To get there, HSBC Bank monitors “scope 3” emissions, that are created by the corporate’s value chain and never just the corporate itself. (The company Scope3’s name is a nod to this term.)
“Our operations are fairly lean,” said Matthew Cullinen, HSBC Bank’s VP of worldwide sustainability. “For us as a bank, our scope 3 emissions are finance emissions. So all of your emissions as clients, that’s our scope 3 emissions, in addition to our 20,000 suppliers for various things we purchase. Fifty percent of our energy now comes from renewables. We have a goal of 90% by 2025 which is difficult, but we’re well on our way to achieving that.”
Curbing marketing emissions. “We’re a financial services company so our scope 3 initiatives aren’t necessarily [what they would be for] consumer packaged goods, but that also doesn’t stop us,” said Mastercard’s Perez-Vera. “We do see that the majority of our emissions comes from marketing and we’re tackling that head-on. You have to dive in and do the most effective you may with the tools and knowledge you have got.”

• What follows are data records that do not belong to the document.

lemma bilinear_set_line_not_extreme:
  fixes a xl xu yl yu X Y dX dY :: "real^'n"
  assumes S: "(X, Y) \<in> bilinear_set a xl xu yl yu" and "(dX, dY) \<noteq> 0"
    and quadratic: "\<forall>m. dX $ m * dY $ m = 0"
    and linear: "(\<Sum>m\<in>UNIV. a $ m * (X $ m * dY $ m + dX $ m * Y $ m)) = 0"
    and "\<forall>m. dX $ m \<noteq> 0 \<longrightarrow> xl $ m < X $ m \<and> X $ m < xu $ m"
    and "\<forall>m. dY $ m \<noteq> 0 \<longrightarrow> yl $ m < Y $ m \<and> Y $ m < yu $ m"
  shows "\<not> (X, Y) extreme_point_of convex hull (bilinear_set a xl xu yl yu)"
proof
  assume ext: "(X, Y) extreme_point_of convex hull (bilinear_set a xl xu yl yu)"
  have curve: "(\<Sum>m\<in>UNIV. a $ m * (X + c *\<^sub>R dX) $ m * (Y + c *\<^sub>R dY) $ m) = 0" for c
  proof -
    have "(\<Sum>m\<in>UNIV. a $ m * (X + c *\<^sub>R dX) $ m * (Y + c *\<^sub>R dY) $ m)
        = (\<Sum>m\<in>UNIV. a $ m * X $ m * Y $ m) + c * (\<Sum>m\<in>UNIV. a $ m * (X $ m * dY $ m + dX $ m * Y $ m))
          + c\<^sup>2 * (\<Sum>m\<in>UNIV. a $ m * (dX $ m * dY $ m))"
      by (simp add: sum.distrib sum_distrib_left algebra_simps power2_eq_square)
    then show ?thesis
      using S linear quadratic by (simp add: bilinear_set_def)
  qed
  have "\<forall>\<^sub>F c in nhds 0. (\<forall>m. xl $ m \<le> (X + c *\<^sub>R dX) $ m \<and> (X + c *\<^sub>R dX) $ m \<le> xu $ m)
      \<and> (\<forall>m. yl $ m \<le> (Y + c *\<^sub>R dY) $ m \<and> (Y + c *\<^sub>R dY) $ m \<le> yu $ m)"
    using S assms(5,6) by (intro eventually_conj eventually_in_box_cart) (auto simp: bilinear_set_def)
  then obtain e where "0 < e" and box: "\<And>c. dist c 0 < e \<Longrightarrow>
      (\<forall>m. xl $ m \<le> (X + c *\<^sub>R dX) $ m \<and> (X + c *\<^sub>R dX) $ m \<le> xu $ m)
      \<and> (\<forall>m. yl $ m \<le> (Y + c *\<^sub>R dY) $ m \<and> (Y + c *\<^sub>R dY) $ m \<le> yu $ m)"
    unfolding eventually_nhds_metric by blast
  have "(X, Y) + c *\<^sub>R (dX, dY) \<in> convex hull (bilinear_set a xl xu yl yu)" if "\<bar>c\<bar> < e" for c
    using box[of c] that curve[of c] by (intro hull_inc) (simp add: bilinear_set_def)
  from this[of "e / 2"] this[of "- e / 2"] \<open>0 < e\<close> have "(e / 2) *\<^sub>R (dX, dY) = 0"
    by (intro extreme_point_symmetric_zero[OF ext]) simp_all
  with \<open>0 < e\<close> \<open>(dX, dY) \<noteq> 0\<close> show False
    by (simp add: zero_prod_def)
qed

She added: “When you actually break out carbon emissions [in marketing], every thing has a carbon footprint. Your media team has to get to work, your transportation has a carbon footprint. Going into the constructing during which you have got a strategic meeting, lighting that constructing and that specific room, has a carbon footprint. So, what we’re doing as best as possible is vetting what tools, what products, what teams might help us in actually reducing, which might be tricky. And yes, digital is a hotspot, so it’s being intentional about our media and our production shoots to be certain that we’re essentially being as optimal as possible.”
Green venue. The Green Media Summit was held within the Pavilion on the Farm on the Javits Center. The venue sits by the most important green roof in New York state, housing a one-acre working farm and 6.75 green acres total.
Dig deeper: Adtech’s climate change: Can marketing cool the planet?
The post Adtech’s approaches to greener marketing appeared first on MarTech.